▶ Provided data
definition w :: "nat \<Rightarrow> nat \<Rightarrow> nat" where
  "w n k = card (W n k)"

end

theory Submission imports Defs begin

text \<open>For a composition with parts in {1,2} a column holds water exactly when it is a 1 with a 2
  somewhere on each side, and then it holds one cell. So water 0 means the shape
  \<open>1\<^sup>a 2\<^sup>b\<^sup>+\<^sup>1 1\<^sup>c\<close> (or all ones), and water 1 means the shape
  \<open>1\<^sup>a 2\<^sup>b\<^sup>+\<^sup>1 1 2\<^sup>d\<^sup>+\<^sup>1 1\<^sup>c\<close>. Counting the latter by its exponents, those with
  \<open>b > 0\<close> correspond to water-1 compositions of \<open>n - 2\<close> (drop one 2), and those with \<open>b = 0\<close>
  to the non-constant water-0 compositions of \<open>n - 3\<close> (delete the leading \<open>2 1\<close> of the middle);
  the all-ones composition accounts for the \<open>- 1\<close>.\<close>

fun enclosed_ones :: "bool \<Rightarrow> nat list \<Rightarrow> nat" where
  "enclosed_ones s [] = 0"
| "enclosed_ones s (x # xs) =
     (if x = 1 \<and> s \<and> 2 \<in> set xs then 1 else 0) + enclosed_ones (s \<or> x = 2) xs"

lemma enclosed_ones_conv_sum:
  "enclosed_ones s cs =
     (\<Sum>i<length cs. if cs ! i = 1 \<and> (s \<or> 2 \<in> set (take i cs)) \<and> 2 \<in> set (drop i cs)
                     then 1 else 0)"
proof (induction cs arbitrary: s)
  case (Cons x xs)
  have "(\<Sum>i<length (x # xs). if (x # xs) ! i = 1 \<and> (s \<or> 2 \<in> set (take i (x # xs))) \<and>
            2 \<in> set (drop i (x # xs)) then 1 else 0)
     = (if x = 1 \<and> s \<and> 2 \<in> set xs then 1 else 0) +
       (\<Sum>i<length xs. if xs ! i = 1 \<and> ((s \<or> x = 2) \<or> 2 \<in> set (take i xs)) \<and>
            2 \<in> set (drop i xs) then 1 else (0 :: nat))"
    by (simp add: sum.lessThan_Suc_shift del: sum.lessThan_Suc) auto
  then show ?case using Cons.IH[of "s \<or> x = 2"] by simp
qed simp

lemma nth_le_setcompr_eq_set_take:
  "i < length xs \<Longrightarrow> {xs ! j | j. j \<le> i} = set (take (Suc i) xs)"
  by (auto simp: set_conv_nth) (metis less_Suc_eq_le nth_take)

lemma nth_ge_setcompr_eq_set_drop: "{xs ! j | j. i \<le> j \<and> j < length xs} = set (drop i xs)"
proof (intro equalityI subsetI)
  fix y assume "y \<in> {xs ! j | j. i \<le> j \<and> j < length xs}"
  then obtain j where "i \<le> j" "j < length xs" "y = xs ! j" by blast
  then show "y \<in> set (drop i xs)" using nth_mem[of "j - i" "drop i xs"] by simp
next
  fix y assume "y \<in> set (drop i xs)"
  then obtain k where "k < length xs - i" "y = xs ! (i + k)" by (auto simp: in_set_conv_nth)
  then show "y \<in> {xs ! j | j. i \<le> j \<and> j < length xs}" by force
qed

lemma Max_subset_one_two:
  assumes "finite A" "A \<noteq> {}" "A \<subseteq> {1, 2 :: nat}"
  shows "Max A = (if 2 \<in> A then 2 else 1)"
proof (cases "2 \<in> A")
  case True
  then show ?thesis using assms by (intro trans[OF Max_eqI[of A 2]]) auto
next
  case False
  then have "A = {1}" using assms by auto
  then show ?thesis by simp
qed

lemma water_eq_enclosed_ones:
  assumes "set cs \<subseteq> {1, 2}"
  shows "water cs = enclosed_ones False cs"
  unfolding water_def enclosed_ones_conv_sum
proof (rule sum.cong[OF refl])
  fix i assume "i \<in> {..<length cs}"
  then have i: "i < length cs" by simp
  have left: "{cs ! j | j. j \<le> i} = set (take (Suc i) cs)"
    using i by (rule nth_le_setcompr_eq_set_take)
  have right: "{cs ! j | j. i \<le> j \<and> j < length cs} = set (drop i cs)"
    by (rule nth_ge_setcompr_eq_set_drop)
  have sub: "set (take (Suc i) cs) \<subseteq> {1, 2}" "set (drop i cs) \<subseteq> {1, 2}"
    using assms set_take_subset set_drop_subset by fastforce+
  have ne: "set (take (Suc i) cs) \<noteq> {}" "set (drop i cs) \<noteq> {}"
    using i by (auto simp: take_eq_Nil)
  have "cs ! i \<in> {1, 2}"
    using i assms nth_mem by fastforce
  moreover have "take (Suc i) cs = take i cs @ [cs ! i]" "drop i cs = cs ! i # drop (Suc i) cs"
    using i by (simp_all add: take_Suc_conv_app_nth Cons_nth_drop_Suc)
  ultimately show "min (Max {cs ! j | j. j \<le> i}) (Max {cs ! j | j. i \<le> j \<and> j < length cs}) - cs ! i =
      (if cs ! i = 1 \<and> (False \<or> 2 \<in> set (take i cs)) \<and> 2 \<in> set (drop i cs) then 1 else 0)"
    unfolding left right Max_subset_one_two[OF finite_set ne(1) sub(1)]
      Max_subset_one_two[OF finite_set ne(2) sub(2)]
    by auto
qed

▶ Task requirements
Look through the records and give only the number of lines where the string "shape" appears.

▶ Answer to the problem
2